| Store | Cart

Re: [perl #125221] [PATCH] Use "UTF-8" consistently in perldelta

From: Karl Williamson <pub...@khwilliamson.com>
Thu, 21 May 2015 21:50:55 -0600
Top posting to cut to the chase:

The use of capitalization and presence or absence of a dash to indicate 
whether we accept malformed utf8 or not was wrong.  Subtle distinctions, 
especially ones like these that can be easily overlooked, shouldn't have 
such severe consequences.  The same argument applies as to whether we 
accept wellformed utf8 that is in one of the 3 problematic Unicode 
classes (surrogates, non-characters, and above-Unicode code points). 
That API should be fixed before more damage is done.

I think we should apply "UTF-8" to everything, and forget about the 
distinctions.  I wouldn't object to uniformly getting rid of the dash. 
I don't believe we would get sued for doing these things.
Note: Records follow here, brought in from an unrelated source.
lemma lp_ball_subset_lp_ball_infinity:
  assumes "q > 0" and M: "M \<ge> 0"
  shows "lp_ball q M \<subseteq> lp_ball \<infinity> M"
proof (cases q)
  case (real r)
  with assms have r: "r > 0" by simp
  show ?thesis
  proof (clarsimp simp: lp_ball_infinity)
    fix x :: "nat \<Rightarrow> 'a" and j
    assume "x \<in> lp_ball q M"
    then have "(\<Sum>k<Suc j. norm (x k) powr r) \<le> M powr r"
      using r M by (simp add: real lp_ball_ereal del: sum.lessThan_Suc)
    moreover have "norm (x j) powr r \<le> (\<Sum>k<Suc j. norm (x k) powr r)"
      by (rule member_le_sum) auto
    ultimately have "norm (x j) powr r \<le> M powr r"
      by linarith
    then show "norm (x j) \<le> M"
      using r M by (meson not_le powr_less_mono2)
  qed
qed (use assms in auto)

lemma compact_lp_ball_infinity:
  "compact (lp_ball \<infinity> M :: (nat \<Rightarrow> 'a::{real_normed_vector,heine_borel}) set)"
proof -
  have "compactin (product_topology (\<lambda>_. euclidean) UNIV) (PiE UNIV (\<lambda>_. cball (0::'a) M))"
    by (simp add: compactin_PiE)
  moreover have "PiE UNIV (\<lambda>_. cball (0::'a) M) = lp_ball \<infinity> M"
    by (auto simp: lp_ball_infinity PiE_def extensional_def)
  ultimately show ?thesis
    by (metis compactin_euclidean_iff euclidean_product_topology)
qed

lemma closed_lp_ball:
  assumes "q > 0" and M: "M \<ge> 0"
  shows "closed (lp_ball q M :: (nat \<Rightarrow> 'a::real_normed_vector) set)"
proof (cases q)
  case (real r)
  with assms have r: "r > 0" by simp
  have "continuous_on UNIV (\<lambda>x :: nat \<Rightarrow> 'a. \<Sum>j<n. norm (x j) powr r)" for n
    using r by (intro continuous_on_sum continuous_on_powr' continuous_on_norm
        continuous_on_product_coordinates continuous_on_const) auto
  then show ?thesis
    unfolding real lp_ball_ereal[OF r M]
    by (intro closed_Collect_all closed_Collect_le continuous_on_const)
next
  case PInf
  then show ?thesis
    unfolding PInf lp_ball_infinity
    by (intro closed_Collect_all closed_Collect_le continuous_on_norm
        continuous_on_product_coordinates continuous_on_const)
qed (use assms in auto)

lemma compact_lp_ball:
  assumes "q > 0" and "M \<ge> 0"
  shows "compact (lp_ball q M :: (nat \<Rightarrow> 'a::{real_normed_vector,heine_borel}) set)"
proof -
  have "compact (lp_ball \<infinity> M \<inter> lp_ball q M :: (nat \<Rightarrow> 'a) set)"
    using assms by (intro compact_Int_closed compact_lp_ball_infinity closed_lp_ball)
  moreover have "lp_ball q M \<subseteq> (lp_ball \<infinity> M :: (nat \<Rightarrow> 'a) set)"
    using assms by (rule lp_ball_subset_lp_ball_infinity)
  ultimately show ?thesis
    by (simp add: Int_absorb1)
qed
(* Let $K$ be the field of fractions of a complete discrete valuation ring $\mathcal{O}$, and suppose $K$ has characteristic $3$ (the residue field may be infinite). In the coefficient-choosing game of degree $d = 3$ over $K$, whichever player makes the last move has a winning strategy.
   Context: The coefficient-choosing game of degree $d$ over $K$: Nora and Wanda alternately choose coefficients of $f(x) = a_d x^d + \cdots + a_0$; on each move the current player picks a not-yet-chosen coefficient and assigns it a value in $K$, subject to $a_d \neq 0$, $a_0 \neq 0$. After all $d+1$ coefficients are chosen, Wanda wins if $f$ has a root in $K$, and Nora wins otherwise. Who moves first is fixed in advance. *)

theory Defs
  imports "HOL-Computational_Algebra.Polynomial"
begin

text \<open>We encode a discrete valuation on a field K as a
  function v :: K => int whose value at 0 is irrelevant (morally v 0 = infinity).\<close>

definition discrete_valuation :: "('a::field \<Rightarrow> int) \<Rightarrow> bool" where
  "discrete_valuation v \<longleftrightarrow>
     (\<forall>x y. x \<noteq> 0 \<longrightarrow> y \<noteq> 0 \<longrightarrow> v (x * y) = v x + v y) \<and>
     (\<forall>x y. x \<noteq> 0 \<longrightarrow> y \<noteq> 0 \<longrightarrow> x + y \<noteq> 0 \<longrightarrow> v (x + y) \<ge> min (v x) (v y)) \<and>
     (\<forall>n. \<exists>x. x \<noteq> 0 \<and> v x = n)"

definition val_ring :: "('a::field \<Rightarrow> int) \<Rightarrow> 'a set" where
  "val_ring v = {x. x = 0 \<or> v x \<ge> 0}"

definition val_close :: "('a::field \<Rightarrow> int) \<Rightarrow> int \<Rightarrow> 'a \<Rightarrow> 'a \<Rightarrow> bool" where
  "val_close v N x y \<longleftrightarrow> x = y \<or> v (x - y) \<ge> N"

definition complete_dvr_fraction_field :: "('a::field \<Rightarrow> int) \<Rightarrow> bool" where
  "complete_dvr_fraction_field v \<longleftrightarrow> discrete_valuation v \<and>
     (\<forall>s :: nat \<Rightarrow> 'a. (\<forall>n. s n \<in> val_ring v) \<longrightarrow>
        (\<forall>N. \<exists>M. \<forall>m\<ge>M. \<forall>n\<ge>M. val_close v N (s m) (s n)) \<longrightarrow>
        (\<exists>l \<in> val_ring v. \<forall>N. \<exists>M. \<forall>n\<ge>M. val_close v N (s n) l))"

text \<open>The coefficient-choosing game of degree d. A position is a partial assignment
  c :: nat => 'a option of the coefficients a_0, ..., a_d.\<close>

datatype player = Nora | Wanda

fun other :: "player \<Rightarrow> player" where
  "other Nora = Wanda" | "other Wanda = Nora"

definition legal_move :: "nat \<Rightarrow> (nat \<Rightarrow> 'a::field option) \<Rightarrow> nat \<Rightarrow> 'a \<Rightarrow> bool" where
  "legal_move d c i x \<longleftrightarrow> i \<le> d \<and> c i = None \<and> ((i = d \<or> i = 0) \<longrightarrow> x \<noteq> 0)"

definition final_poly :: "nat \<Rightarrow> (nat \<Rightarrow> 'a::field option) \<Rightarrow> 'a poly" where
  "final_poly d c = (\<Sum>i\<le>d. monom (the (c i)) i)"

definition has_root_in_field :: "'a::field poly \<Rightarrow> bool" where
  "has_root_in_field f \<longleftrightarrow> (\<exists>x. poly f x = 0)"

fun win :: "nat \<Rightarrow> ((nat \<Rightarrow> 'a::field option) \<Rightarrow> bool) \<Rightarrow> nat \<Rightarrow> (nat \<Rightarrow> 'a option)
            \<Rightarrow> player \<Rightarrow> player \<Rightarrow> bool" where
  "win d goal 0 c mover me = goal c"
| "win d goal (Suc k) c mover me =
     (if mover = me
      then (\<exists>i x. legal_move d c i x \<and> win d goal k (c(i := Some x)) (other mover) me)
      else (\<forall>i x. legal_move d c i x \<longrightarrow> win d goal k (c(i := Some x)) (other mover) me))"

definition wanda_goal :: "nat \<Rightarrow> (nat \<Rightarrow> 'a::field option) \<Rightarrow> bool" where
  "wanda_goal d c \<longleftrightarrow> has_root_in_field (final_poly d c)"

definition nora_goal :: "nat \<Rightarrow> (nat \<Rightarrow> 'a::field option) \<Rightarrow> bool" where
  "nora_goal d c \<longleftrightarrow> \<not> has_root_in_field (final_poly d c)"

definition has_winning_strategy :: "'a::field itself \<Rightarrow> nat \<Rightarrow> player \<Rightarrow> player \<Rightarrow> bool" where
  "has_winning_strategy T d first p =
     win d (if p = Wanda then (wanda_goal d :: (nat \<Rightarrow> 'a option) \<Rightarrow> bool) else nora_goal d)
         (d + 1) (\<lambda>_. None) first p"

definition last_mover :: "nat \<Rightarrow> player \<Rightarrow> player" where
  "last_mover d first = (if even d then first else other first)"

end

theory Submission
  imports Defs
begin

text \<open>Wanda, moving last, only needs \<open>K\<close> to be infinite: for the remaining coefficient \<open>a\<^sub>i\<close>
  she takes \<open>r \<noteq> 0\<close> that is not a root of the polynomial \<open>q\<close> with \<open>a\<^sub>i = 0\<close> and sets
  \<open>a\<^sub>i = - q(r) / r\<^sup>i\<close>, which is nonzero and hence a legal move.

  Nora, moving last, answers Wanda's first move by setting \<open>a\<^sub>1\<close> or \<open>a\<^sub>2\<close> to \<open>0\<close>. Her final
  move then either chooses \<open>a\<^sub>0\<close> (resp. \<open>a\<^sub>3\<close>) of valuation \<open>\<equiv> 1 mod 3\<close> and so far from the
  others that at every \<open>r\<close> a single term has least valuation, or completes
  \<open>a\<^sub>3 r\<^sup>3 + a\<^sub>1 r + a\<^sub>0\<close> (up to reversing the coefficients). There \<open>a\<^sub>1 = 0\<close> works unless
  \<open>-a\<^sub>0/a\<^sub>3 = s\<^sup>3\<close>, and then \<open>a\<^sub>1 = a\<^sub>3 \<pi> s\<^sup>2\<close> turns the cubic into a multiple of
  \<open>z\<^sup>3 + \<pi> z - 1\<close>, \<open>z = r / s\<close>, which has no root because \<open>z\<^sup>3 - 1 = (z - 1)\<^sup>3\<close> in
  characteristic 3.\<close>

lemma discrete_valuation_mult:
  "discrete_valuation v \<Longrightarrow> x \<noteq> 0 \<Longrightarrow> y \<noteq> 0 \<Longrightarrow> v (x * y) = v x + v y"
  unfolding discrete_valuation_def by blast

lemma discrete_valuation_add:
  "discrete_valuation v \<Longrightarrow> x \<noteq> 0 \<Longrightarrow> y \<noteq> 0 \<Longrightarrow> x + y \<noteq> 0 \<Longrightarrow> min (v x) (v y) \<le> v (x + y)"
  unfolding discrete_valuation_def by blast

lemma discrete_valuation_surj: "discrete_valuation v \<Longrightarrow> \<exists>x. x \<noteq> 0 \<and> v x = n"
  unfolding discrete_valuation_def by blast

lemma discrete_valuation_one:
  fixes v :: "'a::field \<Rightarrow> int"
  assumes "discrete_valuation v" shows "v 1 = 0"
  using discrete_valuation_mult[OF assms, of 1 1] by simp

lemma discrete_valuation_minus_one:
  fixes v :: "'a::field \<Rightarrow> int"
  assumes "discrete_valuation v" shows "v (- 1) = 0"
  using discrete_valuation_mult[OF assms, of "- 1" "- 1"] discrete_valuation_one[OF assms] by simp

lemma discrete_valuation_uminus:
  fixes v :: "'a::field \<Rightarrow> int"
  assumes "discrete_valuation v" "x \<noteq> 0" shows "v (- x) = v x"
  using discrete_valuation_mult[OF assms(1), of "- 1" x] discrete_valuation_minus_one[OF assms(1)] assms(2)
  by simp

lemma discrete_valuation_power:
  fixes v :: "'a::field \<Rightarrow> int"
  assumes "discrete_valuation v" "x \<noteq> 0" shows "v (x ^ n) = int n * v x"
proof (induction n)
  case 0
  then show ?case using discrete_valuation_one[OF assms(1)] by simp
next
  case (Suc n)
  then show ?case using discrete_valuation_mult[OF assms(1), of x "x ^ n"] assms(2) by (simp add: algebra_simps)
qed

lemma discrete_valuation_add_dominated:
  fixes v :: "'a::field \<Rightarrow> int"
  assumes "discrete_valuation v" "y = 0 \<or> v x < v y" "z = 0 \<or> v x < v z"
  shows "y + z = 0 \<or> v x < v (y + z)"
  using discrete_valuation_add[OF assms(1), of y z] assms(2,3) by fastforce

lemma discrete_valuation_add_nonzero:
  fixes v :: "'a::field \<Rightarrow> int"
  assumes "discrete_valuation v" "x \<noteq> 0" "y = 0 \<or> v y \<noteq> v x"
  shows "x + y \<noteq> 0"
proof
  assume "x + y = 0"
  then have "y = - x" by (simp add: eq_neg_iff_add_eq_0 add.commute)
  then show False using assms discrete_valuation_uminus[OF assms(1,2)] by simp
qed

lemma discrete_valuation_infinite:
  fixes v :: "'a::field \<Rightarrow> int"
  assumes "discrete_valuation v" shows "infinite (UNIV :: 'a set)"
proof
  assume "finite (UNIV :: 'a set)"
  then have "finite (range v)" by simp
  moreover have "range v = UNIV" using discrete_valuation_surj[OF assms] by (metis UNIV_eq_I range_eqI)
  ultimately show False by simp
qed

definition rootless_cubic :: "'a::field \<Rightarrow> 'a \<Rightarrow> 'a \<Rightarrow> 'a \<Rightarrow> bool" where
  "rootless_cubic a0 a1 a2 a3 \<longleftrightarrow> (\<forall>r. a0 + a1 * r + a2 * r ^ 2 + a3 * r ^ 3 \<noteq> 0)"

lemma rootless_cubic_reverse:
  assumes "a0 \<noteq> 0" "rootless_cubic a3 a2 a1 a0"
  shows "rootless_cubic a0 a1 a2 a3"
  unfolding rootless_cubic_def
proof (intro allI notI)
  fix r assume root: "a0 + a1 * r + a2 * r ^ 2 + a3 * r ^ 3 = 0"
  then have "r \<noteq> 0" using assms(1) by auto
  then have "a3 + a2 * (1 / r) + a1 * (1 / r) ^ 2 + a0 * (1 / r) ^ 3
      = (a0 + a1 * r + a2 * r ^ 2 + a3 * r ^ 3) / r ^ 3"
    by (simp add: field_simps power2_eq_square power3_eq_cube)
  moreover have "a3 + a2 * (1 / r) + a1 * (1 / r) ^ 2 + a0 * (1 / r) ^ 3 \<noteq> 0"
    using assms(2) unfolding rootless_cubic_def by blast
  ultimately show False using root by simp
qed
(* Let $N=\{1,\dots,n\}$ and $C:2^N\to\mathbb{R}_{\ge0}$. If $\psi\in\mathbb{R}^n$ is in the core of $C$, i.e. $\sum_{i\in N}\psi_i=C(N)$ and $\sum_{i\in S}\psi_i\le C(S)$ for all $S\subseteq N$, then $\|\psi\|_1\le2\max_{S\subseteq N}|C(S)|$. *)

theory Defs
  imports Complex_Main
begin

definition in_core :: "nat \<Rightarrow> (nat set \<Rightarrow> real) \<Rightarrow> (nat \<Rightarrow> real) \<Rightarrow> bool" where
  "in_core n C psi \<longleftrightarrow>
     (\<Sum>i\<in>{1..n}. psi i) = C {1..n} \<and>
     (\<forall>S. S \<subseteq> {1..n} \<longrightarrow> (\<Sum>i\<in>S. psi i) \<le> C S)"

end

theory Submission
  imports Defs
begin

text \<open>Let \<open>P\<close> be the players with nonnegative payoff. Since \<open>\<psi>\<close> sums to \<open>C(N) \<ge> 0\<close>,
  the negative payoffs are outweighed by those in \<open>P\<close>, so
  \<open>\<parallel>\<psi>\<parallel>\<^sub>1 = 2 \<psi>(P) - C(N) \<le> 2 \<psi>(P) \<le> 2 C(P)\<close> by the core condition for the coalition \<open>P\<close>.\<close>

lemma sum_abs_eq_twice_sum_nonneg_minus_sum:
  fixes f :: "'a \<Rightarrow> 'b::linordered_idom"
  assumes "finite A"
  shows "(\<Sum>i\<in>A. \<bar>f i\<bar>) = 2 * (\<Sum>i\<in>{i\<in>A. f i \<ge> 0}. f i) - (\<Sum>i\<in>A. f i)"
proof -
  let ?P = "{i\<in>A. f i \<ge> 0}" and ?Q = "{i\<in>A. \<not> f i \<ge> 0}"
  have split: "sum g A = sum g ?P + sum g ?Q" for g :: "'a \<Rightarrow> 'b"
  proof -
    have "A = ?P \<union> ?Q" by auto
    then show ?thesis using assms by (metis (no_types, lifting) sum.union_disjoint
        finite_Un disjoint_iff mem_Collect_eq)
  qed
  have "(\<Sum>i\<in>?P. \<bar>f i\<bar>) = (\<Sum>i\<in>?P. f i)" by (rule sum.cong) auto
  moreover have "(\<Sum>i\<in>?Q. \<bar>f i\<bar>) = - (\<Sum>i\<in>?Q. f i)"
    unfolding sum_negf[symmetric] by (rule sum.cong) auto
  ultimately show ?thesis
    using split[of f] split[of "\<lambda>i. \<bar>f i\<bar>"] by (simp add: algebra_simps)
qed

lemma core_sum_abs_le:
  assumes core: "in_core n C psi" and "C {1..n} \<ge> 0"
  shows "(\<Sum>i\<in>{1..n}. \<bar>psi i\<bar>) \<le> 2 * C {i\<in>{1..n}. psi i \<ge> 0}"
proof -
  let ?P = "{i\<in>{1..n}. psi i \<ge> 0}"
  have "(\<Sum>i\<in>{1..n}. \<bar>psi i\<bar>) = 2 * (\<Sum>i\<in>?P. psi i) - C {1..n}"
    using core by (simp add: sum_abs_eq_twice_sum_nonneg_minus_sum in_core_def)
  also have "\<dots> \<le> 2 * (\<Sum>i\<in>?P. psi i)"
    using \<open>C {1..n} \<ge> 0\<close> by simp
  also have "\<dots> \<le> 2 * C ?P"
    using core unfolding in_core_def by (simp add: subset_iff)
  finally show ?thesis .
qed

theorem lemma2:
  fixes n :: nat and C :: "nat set \<Rightarrow> real" and psi :: "nat \<Rightarrow> real"
  assumes nonneg: "\<And>S. S \<subseteq> {1..n} \<Longrightarrow> C S \<ge> 0"
    and core: "in_core n C psi"
  shows "(\<Sum>i\<in>{1..n}. \<bar>psi i\<bar>) \<le> 2 * (MAX S \<in> Pow {1..n}. \<bar>C S\<bar>)"
proof -
  let ?P = "{i\<in>{1..n}. psi i \<ge> 0}"
  have "(\<Sum>i\<in>{1..n}. \<bar>psi i\<bar>) \<le> 2 * C ?P"
    using core nonneg[of "{1..n}"] by (rule core_sum_abs_le) simp
  also have "C ?P \<le> (MAX S \<in> Pow {1..n}. \<bar>C S\<bar>)"
    by (rule order_trans[OF abs_ge_self Max_ge]) auto
  finally show ?thesis by simp
qed

end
The fact that these different spellings have shown up in our 
documentation is proof that even perl porters don't pay much attention 
to the distinctions, so the average programmer is not going to notice at 
all.

I have no doubt that if Unicode ran out of code points, that they would 
simply increase the number available, with all previous protestations to 
the contrary becoming null and void.  And there are discussions in the 
Unicode mailing list about doing this that come up from time to time. 
But that's not going to happen anytime soon.  They've assigned about a 
quarter of the 2**21 so far allocated, in more than 20 years.  At that 
rate, it would be more than 60 more years before they would fill up, 
even ignoring the fact that the rate of assignment has been decreasing. 
  There could always be some new technology that would gobble up code 
points: emoji might end up doing that, but Unicode is hoping to get out 
of the new emoji business, and there are prospects of new technology 
allowing this to happen.

The bottom line IMO is that saying utf8 to mean one thing and UTF-8 to 
mean a more restricted thing is outrageously wrong, although try as I 
might, I can't quite blame World War I on this decision ;)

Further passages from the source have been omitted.